Due to its financing model largely based on contributions in a number of currencies, the IASC Foundation is exposed to a number of financial risks. The IASC Foundation also faces risks associated with its use of financial instruments. This note describes the organisation′s objectives, policies and processes for managing those risks and the methods used to measure them.

There have been no substantive changes in the organisation′s exposure to financial instrument risks, its objectives, policies and processes for managing those risks or the methods used to measure them from previous periods unless otherwise stated in this note.

Principal financial instruments

The principal financial instruments used by the IASC Foundation, from which financial instrument risk arises, are as follows:

  • Other financial assets and liabilities (classified at ‘fair value through profit and loss’)
  • Trade receivables (classified as ‘loans and receivables’)
  • Cash and cash equivalents (classified as ‘available for sale’)
  • Trade creditors (classified at ‘amortised cost’)
  • Derivative financial assets/liabilities (classified at ‘fair value through profit and loss’).

General objectives, policies and procedures related to financial risks

The Trustees are responsible for determining the organisation′s risk management objectives and policies. Whilst retaining ultimate responsibility for them, the Trustees delegate the authority for implementation of the objectives and policies to the Director of Operations, overseen by the Audit Committee.

The overall objective of the Trustees is to set policies that seek to reduce risk as far as possible without unduly affecting the IASC Foundation′s operating effectiveness and flexibility.

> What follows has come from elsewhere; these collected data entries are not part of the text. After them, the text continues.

(* Let $\mathscr D_n$ be a finite b-quad-graph with associated graph $G_n$, let $\alpha_n$ be an admissible labelling, and let $\mathscr C_n,\widetilde{\mathscr C}_n$ be embedded convex $q$-bounded circle patterns for $\mathscr D_n$ and $\alpha_n$ with radius functions $r_n,\tilde r_n$. Let $u_n(v)=\tilde r_n(v)/r_n(v)$. Define two Laplacians on functions $h:V(G_n)\to\mathbb R$ by $\Delta h(v_0)=\sum_{[v_0,v]\in E(G_n)}\mu([v_0,v])(h(v)-h(v_0))$ and $\widetilde\Delta h(v_0)=\sum_{[v_0,v]\in E(G_n)}\tilde\mu([v_0,v])(h(v)-h(v_0))$, where $\mu([v_0,v])=2f'_{\alpha_n([v_0,v])}(\log(r_n(v)/r_n(v_0)))$ and $\tilde\mu([v_0,v])=2f'_{\alpha_n([v_0,v])}(\log(\tilde r_n(v)/\tilde r_n(v_0)))$, with $f'_\theta(x)=\frac{\sin\theta}{2(\cosh x-\cos\theta)}$. Then for all interior vertices $v$ of $G_n$, $\Delta u_n(v)\ge0$ and $\widetilde\Delta(1/u_n)(v)\ge0$.
   Context: A b-quad-graph: strongly regular cell decomposition into quadrilaterals with bipartite 1-skeleton (white/black vertices); $G_n$ has the white vertices, adjacent iff incident to a common face. Admissible labelling: at each interior black vertex the labels of incident faces sum to $2\pi$. Circle pattern: circles with circles of adjacent vertices intersecting at exterior angle $\alpha$ (angle at an intersection point between the radii to the two centers), with equally oriented kites formed by centers and intersection points, locally isomorphic to the b-quad-graph at interior vertices; embedded: kites have disjoint interiors and meet in an edge/vertex iff the faces do. Convex $q$-bounded ($q>1$): all kites convex and each kite's diagonal length ratio lies in $[1/q,q]$. *)

theory Defs
  imports "HOL-Analysis.Analysis"
begin
lemma alg2_correct_upper:
  assumes "0 \<le> N" "N < bigX m G1 G2 j" "admissible m G1 G2 j N r1t r2t"
    and "alg2 m G1 G2 j r1t r2t out" "real_of_int s / 2 \<le> q21 r1t r2t"
  shows "out = (N div (m * G1), N div (m * G2))"
proof -
  obtain e :: real where q: "q21 r1t r2t = fold_gap N + e"
    and e: "- real_of_int s / 2 \<le> e" "e < real_of_int s / 2"
    using q21_split[OF assms(3)] .
  have "0 < real_of_int (fold_gap N)" using q e assms(5) by linarith
  then have gap_A: "fold_gap N \<in> A" using fold_gap_in_A[OF assms(1,2)] by simp
  obtain s2 where s2: "s2 \<in> A"
      "(\<exists>x\<in>A. - real_of_int s / 2 \<le> q21 r1t r2t - x \<and> q21 r1t r2t - x < real_of_int s / 2) \<longrightarrow>
        - real_of_int s / 2 \<le> q21 r1t r2t - s2 \<and> q21 r1t r2t - s2 < real_of_int s / 2"
      "snd out = (s2 * inv_mod G2 G1) mod G1"
      "fst out = bracket (real_of_int (snd out * (m * G2) + r2t - r1t) / real_of_int (m * G1))"
    using alg2_upper_branch[OF assms(4,5)] by blast
  have "\<exists>x\<in>A. - real_of_int s / 2 \<le> q21 r1t r2t - x \<and> q21 r1t r2t - x < real_of_int s / 2"
    using gap_A q e by (intro bexI[of _ "fold_gap N"]) simp_all
  then have "- real_of_int s / 2 \<le> q21 r1t r2t - s2 \<and> q21 r1t r2t - s2 < real_of_int s / 2"
    using s2(2) by blast
  then have "\<bar>real_of_int s2 - fold_gap N\<bar> < s" using q e unfolding abs_less_iff by linarith
  then have "s2 = fold_gap N" by (rule A_close_eq[OF s2(1) gap_A])
  then show ?thesis
    using s2(3,4) fold_gap_decodes(1)[OF assms(1,2)] rounding_recovers(1)[OF q e]
    by (simp add: prod_eq_iff)
qed
lemma staircase_root_poly:
  fixes alpha :: "nat \<Rightarrow> 'a::field"
  assumes "4 \<le> k"
  obtains f2 s where "degree f2 = k - 2" "coeff f2 (k - 3) = 0"
    "\<forall>t\<in>insert (k - 3) {..<k - 4}. poly f2 (alpha t) = 0"
    "root_poly alpha {..<k - 3} * f2
       = root_poly alpha {..<k - 2} * root_poly alpha {..<k - 4} * [:- s, 1:]"
proof -
  define T where "T = insert (k - 3) {..<k - 4}"
  define s where "s = coeff (root_poly alpha T) (k - 4)"
  have T: "finite T" "card T = Suc (k - 4)"
      "{..<k - 3} \<union> T = {..<k - 2}" "{..<k - 3} \<inter> T = {..<k - 4}"
    using assms by (auto simp: T_def)
  have "k - 3 = Suc (k - 4)"
    using assms by simp
  then have "coeff (root_poly alpha T * [:- s, 1:]) (k - 3)
          = coeff (root_poly alpha T) (k - 4) - s * coeff (root_poly alpha T) (Suc (k - 4))"
    by (simp only: coeff_mult_linear_Suc)
  also have "\<dots> = 0"
    using coeff_root_poly_card[OF T(1), of alpha] T(2) by (simp add: s_def)
  finally have "coeff (root_poly alpha T * [:- s, 1:]) (k - 3) = 0" .
  moreover have "root_poly alpha T \<noteq> 0"
    using coeff_root_poly_card[OF T(1), of alpha] by auto
  then have "degree (root_poly alpha T * [:- s, 1:]) = k - 2"
    using assms T by (subst degree_mult_eq) (auto simp: degree_root_poly)
  moreover have "\<forall>t\<in>T. poly (root_poly alpha T * [:- s, 1:]) (alpha t) = 0"
    using T(1) by (simp add: poly_root_poly_eq_0_iff)
  moreover have "root_poly alpha {..<k - 3} * (root_poly alpha T * [:- s, 1:])
      = root_poly alpha {..<k - 2} * root_poly alpha {..<k - 4} * [:- s, 1:]"
    using root_poly_union_inter[of "{..<k - 3}" T alpha] T by (metis finite_lessThan mult.assoc)
  ultimately show ?thesis
    using that unfolding T_def by blast
qed

lemma coeff_quintic_times_linear:
  fixes eta a b :: "'a::comm_ring_1"
  defines "U \<equiv> monom 1 2 + monom eta 5 - [:a:]"
  shows "coeff (U * [:- b, 1:]) 6 = eta" "coeff (U * [:- b, 1:]) 5 = - b * eta"
    and "6 \<le> d \<Longrightarrow> coeff (U * [:- b, 1:]) (Suc d) = 0"
  using coeff_mult_linear_Suc[of U b 5] coeff_mult_linear_Suc[of U b 4]
    coeff_mult_linear_Suc[of U b d] by (simp_all add: U_def coeff_monom coeff_pCons')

As explained earlier in the notes, the IASC Foundation′s major revenue source arises from its contributions program. There are two major risks associated with this reliance on contributions:

  • currency risk, because pledges are committed in US dollars and euro, as well as sterling
  • liquidity risk, because pledges may not be honoured in a timely fashion.

Currency risk

The expenditures in the IASC Foundation′s operating budget are largely in sterling, whereas the organisation has received contribution pledges in US dollars and euro to cover the cost of operating the IASB and other overhead costs, on an ongoing basis. Whilst the Trustees have reduced the US dollar exposure through their ongoing efforts and hedging strategy below, some exchange rate risk remains. As a result the Trustees have implemented a strategy to mitigate the foreign exchange fluctuations and timing risks connected with the voluntary contributions.

To address the exchange rate risk, the Trustees adopted a collar strategy for 2006 and 2007 to provide a fixed sterling equivalent from the US dollar contributions (2006: £5,304,000, 2007: £5,254,000). For 2008 and 2009, the Trustees have purchased a series of forward contracts to fix a sterling equivalent (2008: £5,850,000; 2009: £3,293,000).

Below are the fair values of these contracts:

 

Fair value
2007

Fair value
2006

Fair value
2005

 

£'000

£'000

£'000

DERIVATIVES

(217)

295

-

Zero-cost collars expiring at the end of each calendar quarter of 2007

-

295

-

Forward contracts expiring at the end of each calendar quarter of 2008

(139)

-

-

Forward contracts expiring at the end of each calendar quarter of 2009

(78)

-

-

Liquidity and credit risk associated with cash and bond holdings

The IASC Foundation manages its working capital to ensure sufficient cash resources are maintained to meet short-term liabilities. All financial liabilities at the year-end are due within one year. The IASC Foundation has no bank borrowings.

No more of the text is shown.